For simplicity in describing the overarching theme of this article (environmental insults and compensative responses), bacterial ecology and stress response mechanisms will primarily be emphasized in the subsequent sections. Bacteria, the most abundant microorganisms inside human body, after all are prolifically studied, offering well founded and valuable models for understanding microbial response to environmental stresses. The terms ‘microbes and bacteria’ would therefore be used interchangeably.
4.1 Doing collateral damage—Tumor targeting response of microbes
The stringent stress response (SSR) is an evolutionary conserved specific stress response mechanism, mediated by the alarmone ‘guanosine tetraphosphate (ppGpp)’, that allows bacteria to reprogram their transcriptional activities when faced with nutrient stress (e.g. amino-acid, fatty acid and iron limitations) [70, 71]. This entails a switch from translation and biosynthesis to upregulated accumulation of limited resources [63, 70]. The state of nutrient stress offered by hyper anabolic cancer cells, aggravated by the overlapping nutrient requirements of the tumoral microbes, can evoke the SSR in the tumor-microbiota. This can reciprocate nutrient stress on cancer (Fig. 3), limiting its proliferation by competing for the nutrients critical for tumor progression, particularly branched chain amino acids (BCAA), acetate and iron [72,73,74]. Ecologically, a quasi-exploitative competition between the microbes sensing the competitive nutrient environment can elicit secretion of antimicrobial peptides/toxins like bacteriocins and other antibiotics. These microbiome derived molecules, primarily produced to fend off the perceived competition from the microbes with overlapping nutrient requirements, subject to the thriving of a favourable microbial community, may potentially inhibit the cancer cells in collateral damage (Fig. 3A) [75, 76]. A significantly high production of colicins and microcins (anti-cancer bacteriocins) by mucosal microbiome in CRC patients provides encouraging evidence in this regard [77]. The evidence pertaining to the ability of bacteriocins to cross epithelial and vascular endothelial cells add to the plausibility of a targeted response not only by the intra-tumoral microbes, but by the luminal, mucosal, NAT or stromal microbiome as well [78].
The presence of a global ‘General Stress Response (GSR)’ mechanism in bacteria, is however a key weapon in their arsenal of defence against a broad range of environmental insults [79]. It is mediated by the specialized transcriptional sigma (σ) factor(s) that compete with the house keeping sigma factor to redirect transcription towards hundreds of prokaryotic stress response genes, collectively called the general stress regulon. [79, 80]. Physio-biochemical stresses triggering the expression of this regulon are rather well founded. These include bacterial exposure to nutrient starvation, free radicals, heat, osmotic imbalance, acids, alcohols, membrane & DNA damaging environmental stimuli and more that (threaten to) compromise the integrity and survival of a microbial cell [80]. Given the association of GSR with a regulon consisting of hundreds of compensative genes, the phenotypic output of this defence mechanism is multi-pronged and confers a broad cross-resistance against a variety of rather unrelated stresses [79]. Accumulation of nutrients (e.g. glycogen, amino acids, acetate, iron, etc.), shift to fermentation and biofilm formation, expression of enzymes like catalases and oxidoreductases, accumulation or synthesis of osmoprotectants (e.g. trehalose, amino acids, K+), heightened expression of ‘amino acid decarboxylases, deaminases, proton pumping, biofilm formation’ for acid tolerance are few classical examples of GSR phenotypes [79,80,81,82,83,84]. It is also pertinent to note the association of GSR with transition to the stationary growth phase which is marked by a metabolic switch to the accumulation of inhibitory by-products/secondary metabolites like antibiotics, toxins and even complex behaviours like biofilm formation [79].

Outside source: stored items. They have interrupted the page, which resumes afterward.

section \<open>The sparsity condition for large \<open>N\<close>\<close>

lemma mult_div_le_of_sparsity_bound:
  fixes K M L N d1 d2 :: real
  assumes "0 < M" "0 < L" "0 < N" "\<bar>d1\<bar> \<le> 1/10000" "\<bar>d2\<bar> \<le> 1/10000"
    and K: "K \<le> N * (1/8 - d1 - d2)\<^sup>2 / (81 * M * L * (1 + 2 * d2 / 3))"
  shows "K * M * L / N \<le> 1/5100"
proof -
  define D where "D = 81 * M * L * (1 + 2 * d2 / 3)"
  have D: "81 * M * L * (9999/10000) \<le> D"
    using assms(1,2,5) unfolding D_def by (intro mult_left_mono) auto
  have "\<bar>1/8 - d1 - d2\<bar> \<le> 1252/10000" using assms(4,5) by linarith
  from power_mono[OF this abs_ge_zero, of 2]
  have X: "(1/8 - d1 - d2)\<^sup>2 \<le> (1252/10000)\<^sup>2" by simp
  have "K * (81 * M * L * (9999/10000)) \<le> N * (1252/10000)\<^sup>2"
  proof (cases "0 \<le> K")
    case True
    have "0 < 81 * M * L * (9999/10000)" using assms(1,2) by simp
    with D have "0 < D" by linarith
    then have "K * D \<le> N * (1/8 - d1 - d2)\<^sup>2"
      using K by (simp add: D_def[symmetric] pos_le_divide_eq)
    moreover have "K * (81 * M * L * (9999/10000)) \<le> K * D"
      using D True by (rule mult_left_mono)
    moreover have "N * (1/8 - d1 - d2)\<^sup>2 \<le> N * (1252/10000)\<^sup>2"
      using X assms(3) by simp
    ultimately show ?thesis by linarith
  next
    case False
    have "K * (81 * M * L * (9999/10000)) \<le> 0"
      using False assms(1,2) by (intro mult_nonpos_nonneg) auto
    also have "0 \<le> N * (1252/10000)\<^sup>2" using assms(3) by simp
    finally show ?thesis .
  qed
  then have "(K * M * L) * (81 * (9999/10000)) \<le> N * (1252/10000)\<^sup>2"
    by (simp add: mult_ac)
  then have "K * M * L \<le> 1/5100 * N"
    using assms(3) by (simp add: power2_eq_square mult_ac; linarith)
  then show ?thesis
    using assms(3) by (simp add: pos_divide_le_eq)
qed

lemma coherence_expression_le_quarter:
  fixes K L N M mI mB S e :: real
  assumes "0 < N" "1 \<le> L" "0 \<le> K" "K * M * L / N \<le> 1/5100"
    and "mI \<le> e" "mB \<le> e" "0 \<le> e" "e * L \<le> 1/10000" "0 \<le> S" "S \<le> sqrt M"
  shows "17 * sqrt (K * L * (1 + mI) / N) * S + 48 * mB * L + 2 * K / N * S\<^sup>2 + 3 * mI \<le> 1/4"
proof -
  have "e \<le> 1/10000"
    using assms(2,7,8) mult_left_mono[of 1 L e] by simp
  have "0 \<le> K * L / N" using assms(1-3) by simp
  have "sqrt (K * L * (1 + mI) / N) * S \<le> sqrt (K * L * (1 + e) / N) * sqrt M"
  proof (rule mult_mono)
    show "sqrt (K * L * (1 + mI) / N) \<le> sqrt (K * L * (1 + e) / N)"
      using mult_left_mono[OF _ \<open>0 \<le> K * L / N\<close>, of "1 + mI" "1 + e"] assms(5) by simp
  qed (use assms(1-3,7,9,10) in auto)
  also have "\<dots> = sqrt (K * M * L / N * (1 + e))"
    by (simp add: real_sqrt_mult[symmetric] field_simps)
  also have "\<dots> \<le> sqrt ((141/10000)\<^sup>2)"
    using mult_mono[OF assms(4), of "1 + e" "10001/10000"] \<open>e \<le> 1/10000\<close> assms(7)
    by (intro real_sqrt_le_mono) (simp add: power2_eq_square)
  finally have T1: "sqrt (K * L * (1 + mI) / N) * S \<le> 141/10000" by simp
  have "mB * L \<le> e * L"
    using assms(2,6) by (intro mult_right_mono) auto
  with assms(8) have T2: "mB * L \<le> 1/10000" by linarith
  have "0 \<le> sqrt M" using assms(9,10) by linarith
  then have "S\<^sup>2 \<le> M"
    using power_mono[OF assms(10,9), of 2] by simp
  then have "2 * K / N * S\<^sup>2 \<le> 2 * K / N * M"
    using assms(1,3) by (intro mult_left_mono) auto
  also have "\<dots> = 2 * (K * M * L / N) / L"
    using assms(2) by (simp add: field_simps)
  also have "\<dots> \<le> 2 * (1/5100) / 1"
    using assms(2,4) by (intro frac_le) (auto simp: mult_ac)
  finally have T3: "2 * K / N * S\<^sup>2 \<le> 2/5100" by simp
  show ?thesis using T1 T2 T3 assms(5) \<open>e \<le> 1/10000\<close> by linarith
qed

lemma eventually_coherence_conditions:
  fixes M c1 c2 \<epsilon> :: real
  assumes "1 < M" "0 < \<epsilon>"
  shows "\<forall>\<^sub>F N in sequentially.
     4 * M\<^sup>2 * (real N)\<^sup>2 * exp (- ((real N powr (2/3))\<^sup>2) / (2 * real N)) \<le> \<epsilon> \<and>
     \<bar>24 * sqrt ((M - 1) / real N) * ln (M * real N) * (2 * sqrt (ln (M * real N) - c1) + 1)\<bar> \<le> 1/10000 \<and>
     \<bar>3 / 2 * sqrt ((M - 1) / real N) * (2 * sqrt c2 + 1)\<bar> \<le> 1/10000 \<and>
     2 * M * real N powr (2/3) / real N * ln (M * real N) \<le> 1/10000 \<and>
     1 \<le> ln (M * real N) \<and> 2 \<le> N"
proof -
  have lim:
    "((\<lambda>x. 4 * M\<^sup>2 * x\<^sup>2 * exp (- ((x powr (2/3))\<^sup>2) / (2 * x))) \<longlongrightarrow> 0) at_top"
    "((\<lambda>x. 24 * sqrt ((M - 1) / x) * ln (M * x) * (2 * sqrt (ln (M * x) - c1) + 1)) \<longlongrightarrow> 0) at_top"
    "((\<lambda>x. 3 / 2 * sqrt ((M - 1) / x) * (2 * sqrt c2 + 1)) \<longlongrightarrow> 0) at_top"
    "((\<lambda>x. 2 * M * x powr (2/3) / x * ln (M * x)) \<longlongrightarrow> 0) at_top"
    "filterlim (\<lambda>x. ln (M * x)) at_top at_top"
    using assms(1) by real_asymp+
  have "(0::real) < 1/10000" by simp
  note small = tendstoD[OF lim(1) assms(2)] tendstoD[OF lim(2) this] tendstoD[OF lim(3) this]
    tendstoD[OF lim(4) this]
  have "\<forall>\<^sub>F x in at_top. 1 \<le> ln (M * x)"
    using lim(5) by (simp add: filterlim_at_top)
  with small have "\<forall>\<^sub>F x in at_top.
     4 * M\<^sup>2 * x\<^sup>2 * exp (- ((x powr (2/3))\<^sup>2) / (2 * x)) \<le> \<epsilon> \<and>
     \<bar>24 * sqrt ((M - 1) / x) * ln (M * x) * (2 * sqrt (ln (M * x) - c1) + 1)\<bar> \<le> 1/10000 \<and>
     \<bar>3 / 2 * sqrt ((M - 1) / x) * (2 * sqrt c2 + 1)\<bar> \<le> 1/10000 \<and>
     2 * M * x powr (2/3) / x * ln (M * x) \<le> 1/10000 \<and>
     1 \<le> ln (M * x)"
    by eventually_elim (simp only: dist_real_def diff_zero abs_less_iff abs_le_iff, safe; linarith)
  then have "\<forall>\<^sub>F N in sequentially.
     4 * M\<^sup>2 * (real N)\<^sup>2 * exp (- ((real N powr (2/3))\<^sup>2) / (2 * real N)) \<le> \<epsilon> \<and>
     \<bar>24 * sqrt ((M - 1) / real N) * ln (M * real N) * (2 * sqrt (ln (M * real N) - c1) + 1)\<bar> \<le> 1/10000 \<and>
     \<bar>3 / 2 * sqrt ((M - 1) / real N) * (2 * sqrt c2 + 1)\<bar> \<le> 1/10000 \<and>
     2 * M * real N powr (2/3) / real N * ln (M * real N) \<le> 1/10000 \<and>
     1 \<le> ln (M * real N)"
    using filterlim_real_sequentially unfolding filterlim_iff by blast
  with eventually_ge_at_top[of 2] show ?thesis
    by eventually_elim blast
qed

lemma unif_prob_coherence_expression_ge:
  assumes "2 \<le> M" "2 \<le> N" "1 \<le> L" "\<bar>d1\<bar> \<le> 1/10000" "\<bar>d2\<bar> \<le> 1/10000"
    and "4 * (real M)\<^sup>2 * (real N)\<^sup>2 * exp (- ((real N powr (2/3))\<^sup>2) / (2 * real N)) \<le> \<epsilon>"
    and "2 * real M * real N powr (2/3) / real N * L \<le> 1/10000"
    and "real K \<le> real N * (1/8 - d1 - d2)\<^sup>2 / (81 * real M * L * (1 + 2 * d2 / 3))"
  shows "1 - \<epsilon> \<le> unif_prob M N (\<lambda>C.
            17 * sqrt (real K * L * (1 + mu_I M N C) / real N) * spec_norm N (M * N) (Psi M N C)
            + 48 * mu_B M N C * L
            + 2 * real K / real N * (spec_norm N (M * N) (Psi M N C))\<^sup>2
            + 3 * mu_I M N C \<le> 1/4)"
    (is "_ \<le> unif_prob M N ?event")
proof -
  define e where "e = 2 * real M * real N powr (2/3) / real N"
  have sparse: "real K * real M * L / real N \<le> 1/5100"
    using assms by (intro mult_div_le_of_sparsity_bound) auto
  have "1 - \<epsilon> \<le> 1 - 4 * real M ^ 2 * real N ^ 2 * exp (- ((real N powr (2/3))\<^sup>2) / (2 * real N))"
    using assms(6) by simp
  also have "\<dots> \<le> unif_prob M N (\<lambda>C. mu_I M N C \<le> e \<and> mu_B M N C \<le> e)"
    using unif_prob_mu_I_mu_B_le[of M N "real N powr (2/3)"] assms(1,2) by (simp add: e_def)
  also have "\<dots> \<le> unif_prob M N ?event"
  proof (rule unif_prob_mono)
    fix C assume "mu_I M N C \<le> e \<and> mu_B M N C \<le> e"
    moreover have "0 \<le> spec_norm N (M * N) (Psi M N C)" "spec_norm N (M * N) (Psi M N C) \<le> sqrt (real M)"
      using assms(1,2) by (simp_all add: spec_norm_nonneg spec_norm_Psi_le)
    ultimately show "?event C"
      using assms(2,3,7) sparse by (intro coherence_expression_le_quarter[where e = e]) (auto simp: e_def)
  qed
  finally show ?thesis .
qed

theorem theorem3:
  fixes M :: nat
  assumes "M \<ge> 2"
  shows "\<forall>\<epsilon>::real. \<epsilon> > 0 \<longrightarrow> (\<exists>N0. \<forall>N\<ge>N0. N > 0 \<longrightarrow> (\<forall>K::nat. K > 0 \<longrightarrow>
     (let L = ln (real M * real N);
          d1 = 24 * sqrt ((real M - 1) / real N) * L * (2 * sqrt (L - ln \<epsilon>) + 1);
          d2 = 3 / 2 * sqrt ((real M - 1) / real N) * (2 * sqrt (ln (2 * real M) - ln \<epsilon>) + 1)
      in real K \<le> real N * (1/8 - d1 - d2)\<^sup>2 / (81 * real M * L * (1 + 2 * d2 / 3)) \<longrightarrow>
         unif_prob M N (\<lambda>C.
            17 * sqrt (real K * L * (1 + mu_I M N C) / real N) * spec_norm N (M * N) (Psi M N C)
            + 48 * mu_B M N C * L
            + 2 * real K / real N * (spec_norm N (M * N) (Psi M N C))\<^sup>2
            + 3 * mu_I M N C \<le> 1/4) \<ge> 1 - \<epsilon>)))"
  apply (intro allI impI)
  subgoal premises \<epsilon>_pos for \<epsilon>
  proof -
    have "1 < real M" using assms by simp
    from eventually_coherence_conditions[OF this \<epsilon>_pos, of "ln \<epsilon>" "ln (2 * real M) - ln \<epsilon>"]
    show ?thesis
      using assms unfolding eventually_sequentially Let_def
      by (blast intro: unif_prob_coherence_expression_ge)
  qed
  done

end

The diverse environmental insults offered by tumor microenvironment to the invading/thriving microbes are expected to trigger the expression of the aforementioned general stress regulon. This is particularly true for nutrient and oxidative stress (abundant in the TME) which are known to confer a broad cross-protectivity through the activation of general stress response [80]. Table 1, backed by literature evidence, is compiled to describe the the key GSR linked phenotypic outcomes that can (potentially) inflict a collateral reciprocation of insults on the cancer cells. The relevant tumorigenic/tumor-promoting outcomes of the said GSR expression are summarised in the Fig. 4 and in the subsequent sections of this article.

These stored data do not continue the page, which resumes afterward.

(* Let $n\ge2$. For any set $X\subset\mathbb{S}$ there exist $c\in\mathbb{R}^n$ and $k\in\mathbb{R}$ such that the spherical cap $\mathcal{C}_{c,k}=\{x\in\mathbb{S}:c^Tx>k\}$ satisfies $\mathcal{C}_{c,k}\subset X$ and $\Delta(\mathcal{C}_{c,k})=\Delta(X)$.
   Context: $\mathbb{S}$ and $\mathbb{B}$ are the Euclidean unit sphere and closed unit ball of $\mathbb{R}^n$. For $X\subset\mathbb{S}$, $\Delta(X)=\sup\{r\in[0,1]: r\mathbb{B}\subset\mathrm{conv}(\mathbb{S}\setminus X)\}$, with the supremum of the empty set taken as $0$. *)

theory Defs
  imports "HOL-Analysis.Analysis"
begin

definition Delta :: "(real^'n) set \<Rightarrow> real" where
  "Delta X = (let R = {r \<in> {0..1}. (\<lambda>x. r *\<^sub>R x) ` cball 0 1 \<subseteq> convex hull (sphere 0 1 - X)}
              in if R = {} then 0 else Sup R)"

definition cap :: "real^'n \<Rightarrow> real \<Rightarrow> (real^'n) set" where
  "cap c k = {x \<in> sphere 0 1. c \<bullet> x > k}"

end

theory Submission
  imports Defs
begin

text \<open>Let \<open>r = \<Delta>(X)\<close> and \<open>A = S - X\<close>. For every \<open>r' > r\<close> some point of \<open>r'B\<close> lies outside
  \<open>conv A\<close>, and separating it from \<open>conv A\<close> gives a unit vector \<open>c\<close> with \<open>c\<^sup>Tx \<le> r'\<close> on \<open>A\<close>.
  By compactness of the sphere we may take \<open>r' = r\<close>, so the cap \<open>C(c,r)\<close> avoids \<open>A\<close>,
  i.e. lies in \<open>X\<close>. Its complement in \<open>S\<close> lies in the halfspace \<open>c\<^sup>Tx \<le> r\<close>, which does not
  contain \<open>r'c\<close> for \<open>r' > r\<close>; hence \<open>\<Delta>(C(c,r)) \<le> r\<close>, and the reverse inequality is
  antitonicity of \<open>\<Delta>\<close>.\<close>

lemma bdd_above_unit_interval_subset: "bdd_above {r \<in> {0..1::real}. P r}"
  by (rule bdd_aboveI[of _ 1]) auto

lemma Delta_nonneg: "0 \<le> Delta (X::(real^'n) set)"
  unfolding Delta_def Let_def
  using bdd_above_unit_interval_subset by (auto intro: order.trans[OF _ cSup_upper])

lemma Delta_le_one: "Delta (X::(real^'n) set) \<le> 1"
  unfolding Delta_def Let_def by (auto intro!: cSup_least)

lemma Delta_antimono:
  fixes A B :: "(real^'n) set"
  assumes "A \<subseteq> B"
  shows "Delta B \<le> Delta A"
proof -
  define R where "R Y = {r \<in> {0..1::real}.
    (\<lambda>x. r *\<^sub>R x) ` cball (0::real^'n) 1 \<subseteq> convex hull (sphere 0 1 - Y)}" for Y
  have "R B \<subseteq> R A"
    unfolding R_def using assms by (auto intro: subsetD[OF hull_mono, rotated])
  moreover have "bdd_above (R A)"
    unfolding R_def by (rule bdd_above_unit_interval_subset)
  ultimately have "(if R B = {} then 0 else Sup (R B)) \<le> (if R A = {} then 0 else Sup (R A))"
    by (auto simp: R_def intro: order.trans[OF _ cSup_upper] cSup_subset_mono)
  then show ?thesis unfolding Delta_def Let_def R_def .
qed

lemma Delta_less_imp_not_subset:
  fixes X :: "(real^'n) set"
  assumes "Delta X < r" "r \<le> 1"
  obtains x where "x \<in> cball 0 1" "r *\<^sub>R x \<notin> convex hull (sphere 0 1 - X)"
proof -
  define R where "R = {r \<in> {0..1::real}.
    (\<lambda>x. r *\<^sub>R x) ` cball (0::real^'n) 1 \<subseteq> convex hull (sphere 0 1 - X)}"
  have "bdd_above R" unfolding R_def by (rule bdd_above_unit_interval_subset)
  then have "r \<notin> R"
    using assms(1) cSup_upper[of r R]
    unfolding Delta_def Let_def R_def[symmetric] by (auto split: if_splits)
  moreover have "0 \<le> r" using assms Delta_nonneg[of X] by linarith
  ultimately show ?thesis using assms(2) that unfolding R_def image_subset_iff by auto
qed

lemma unit_normal_separating_point:
  fixes A :: "'a::euclidean_space set"
  assumes "A \<noteq> {}" "p \<notin> convex hull A"
  obtains c where "norm c = 1" "\<And>y. y \<in> A \<Longrightarrow> c \<bullet> y \<le> norm p"
proof -
  obtain a b where ab: "a \<noteq> 0" "\<forall>y\<in>convex hull A. a \<bullet> y \<le> b" "b \<le> a \<bullet> p"
    using separating_hyperplane_sets[of "convex hull A" "{p}"] assms
    by (auto simp: convex_convex_hull)
  define c where "c = a /\<^sub>R norm a"
  have "c \<bullet> y \<le> norm p" if "y \<in> A" for y
  proof -
    have "a \<bullet> y \<le> a \<bullet> p" using ab that hull_subset[of A convex] by fastforce
    then have "c \<bullet> y \<le> c \<bullet> p" unfolding c_def using ab(1) by (auto simp: divide_right_mono)
    also have "\<dots> \<le> norm c * norm p" by (rule order.trans[OF abs_ge_self Cauchy_Schwarz_ineq2])
    finally show ?thesis using ab(1) by (simp add: c_def)
  qed
  moreover have "norm c = 1" using ab(1) by (simp add: c_def)
  ultimately show ?thesis using that by blast
qed

lemma Delta_approx_supporting_unit_normal:
  fixes X :: "(real^'n) set"
  assumes "sphere 0 1 - X \<noteq> {}" "e > 0"
  obtains c where "norm c = 1" "\<And>y. y \<in> sphere 0 1 - X \<Longrightarrow> c \<bullet> y \<le> Delta X + e"
proof (cases "Delta X < 1")
  case True
  define r where "r = min 1 (Delta X + e)"
  have "Delta X < r" "r \<le> 1" using True assms(2) by (auto simp: r_def)
  then obtain x where x: "x \<in> cball 0 1" "r *\<^sub>R x \<notin> convex hull (sphere 0 1 - X)"
    by (rule Delta_less_imp_not_subset)
  then obtain c where "norm c = 1" "\<And>y. y \<in> sphere 0 1 - X \<Longrightarrow> c \<bullet> y \<le> norm (r *\<^sub>R x)"
    using unit_normal_separating_point[OF assms(1) x(2)] by blast
  moreover have "norm (r *\<^sub>R x) \<le> Delta X + e"
    using x(1) \<open>Delta X < r\<close> Delta_nonneg[of X] mult_left_le[of "norm x" r]
    by (auto simp: r_def)
  ultimately show ?thesis using that by force
next
  case False
  then have "c \<bullet> y \<le> Delta X + e" if "norm c = 1" "y \<in> sphere 0 1 - X" for c y
    using that Delta_le_one[of X] assms(2) norm_cauchy_schwarz[of c y] by auto
  moreover obtain b :: "real^'n" where "b \<in> Basis" using nonempty_Basis by blast
  ultimately show ?thesis using that norm_Basis by metis
qed

lemma Delta_supporting_unit_normal:
  fixes X :: "(real^'n) set"
  assumes "sphere 0 1 - X \<noteq> {}"
  obtains c where "norm c = 1" "\<And>y. y \<in> sphere 0 1 - X \<Longrightarrow> c \<bullet> y \<le> Delta X"
proof -
  define S where "S m = {c \<in> sphere (0::real^'n) 1.
    \<forall>y\<in>sphere 0 1 - X. c \<bullet> y \<le> Delta X + 1 / real (Suc m)}" for m
  have "S m = sphere 0 1 \<inter> (\<Inter>y\<in>sphere 0 1 - X. {c. y \<bullet> c \<le> Delta X + 1 / real (Suc m)})" for m
    unfolding S_def by (auto simp: inner_commute)
  then have "closed (S m)" for m by (auto intro!: closed_INT closed_halfspace_le)
  moreover have "S m \<noteq> {}" for m
  proof -
    obtain c where "norm c = 1" "\<And>y. y \<in> sphere 0 1 - X \<Longrightarrow> c \<bullet> y \<le> Delta X + 1 / real (Suc m)"
      using Delta_approx_supporting_unit_normal[OF assms, of "1 / real (Suc m)"] by auto
    then have "c \<in> S m" unfolding S_def by auto
    then show ?thesis by blast
  qed
  moreover have "S n \<subseteq> S m" if "m \<le> n" for m n
  proof -
    have "1 / real (Suc n) \<le> 1 / real (Suc m)" using that by (simp add: frac_le)
    then show ?thesis unfolding S_def by force
  qed
  moreover have "bounded (S 0)" unfolding S_def by (rule bounded_subset[OF bounded_sphere[of 0 1]]) auto
  ultimately obtain c where c: "\<And>m. c \<in> S m" using bounded_closed_nest[of S] by blast
  have "c \<bullet> y \<le> Delta X" if "y \<in> sphere 0 1 - X" for y
  proof (rule field_le_epsilon)
    fix e :: real assume "e > 0"
    then obtain m where "1 / real (Suc m) < e" by (metis nat_approx_posE)
    moreover have "c \<bullet> y \<le> Delta X + 1 / real (Suc m)" using c[of m] that unfolding S_def by auto
    ultimately show "c \<bullet> y \<le> Delta X + e" by linarith
  qed
  moreover have "norm c = 1" using c[of 0] unfolding S_def by auto
  ultimately show ?thesis using that by blast
qed

lemma Delta_cap_le:
  fixes c :: "real^'n"
  assumes "norm c = 1" "0 \<le> k"
  shows "Delta (cap c k) \<le> k"
proof -
  define Q where "Q = {s \<in> {0..1::real}.
    (\<lambda>x. s *\<^sub>R x) ` cball (0::real^'n) 1 \<subseteq> convex hull (sphere 0 1 - cap c k)}"
  have halfspace: "convex hull (sphere 0 1 - cap c k) \<subseteq> {y. c \<bullet> y \<le> k}"
    by (rule hull_minimal) (auto simp: cap_def convex_halfspace_le)
  have "q \<le> k" if "q \<in> Q" for q
  proof -
    have "q *\<^sub>R c \<in> convex hull (sphere 0 1 - cap c k)"
      using that assms(1) unfolding Q_def by (auto simp: image_subset_iff)
    then have "q * (c \<bullet> c) \<le> k" using halfspace by auto
    then show ?thesis using assms(1) by (simp add: inner_commute dot_square_norm)
  qed
  then have "(if Q = {} then 0 else Sup Q) \<le> k" using assms(2) by (auto intro!: cSup_least)
  then show ?thesis unfolding Delta_def Let_def Q_def .
qed

theorem lemma2:
  fixes X :: "(real^'n) set"
  assumes "CARD('n) \<ge> 2"
    and "X \<subseteq> sphere 0 1"
  shows "\<exists>c k. cap c k \<subseteq> X \<and> Delta (cap c k) = Delta X"
proof (cases "sphere 0 1 - X = {}")
  \<comment> \<open>The argument works in every dimension.\<close>
  case True
  then have "cap 0 (-1) = X" using assms(2) by (auto simp: cap_def)
  then show ?thesis by blast
next
  case False
  then obtain c where c: "norm c = 1" "\<And>y. y \<in> sphere 0 1 - X \<Longrightarrow> c \<bullet> y \<le> Delta X"
    by (rule Delta_supporting_unit_normal) blast
  then have "cap c (Delta X) \<subseteq> X" by (force simp: cap_def)
  moreover have "Delta (cap c (Delta X)) \<le> Delta X"
    using c(1) Delta_nonneg by (rule Delta_cap_le)
  moreover have "Delta X \<le> Delta (cap c (Delta X))"
    using \<open>cap c (Delta X) \<subseteq> X\<close> by (rule Delta_antimono)
  ultimately show ?thesis by (intro exI[of _ c] exI[of _ "Delta X"]) simp
qed

end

Under the right tumor microbial composition (native or interventional), this GSR and stationary phase linked in-vivo production of compensative products may even support cancer-therapy by priming the onco-immune system towards anti-tumor effects. The reported role of intra-tumoral probiotic gut-microbes in facilitating immunotherapy through the secondary metabolite mediated triggering of the STING signalling (stimulator of interferon genes), highlights this significance of tumoral colonization by commensal bacteria like Bifidobacterium spp. [98].
From an ecological point of view, insults like oxidative stress, DNA damage stress, physical stress and acid stress are perceived as instances of direct challenges interfering with the ability of the microbes to survive and thrive. This calls for an activation of interference competitive phenotype and hence release of antibiotics and strain-specific bacteriocins towards the microbe-kill-microbe response [67]. The collateral damage inflicted on the cancer cells by this chemical warfare started by microbes under the perceived interference competition is plausible and therefore deserves exploration. The molecular mechanistic details underpinning this warfare may be described by the evolutionary matured stress response mechanisms as described earlier. In addition to the development of functional models, this would be important for the design of live biotherapeutics or dietary interventions aiming to favourably customize the microbial and metabolite composition of tumor invading/prevailing microbiota. Figure 4 provides a graphical overview of the (aforementioned) events that may ensue in tumor micro(b)environment.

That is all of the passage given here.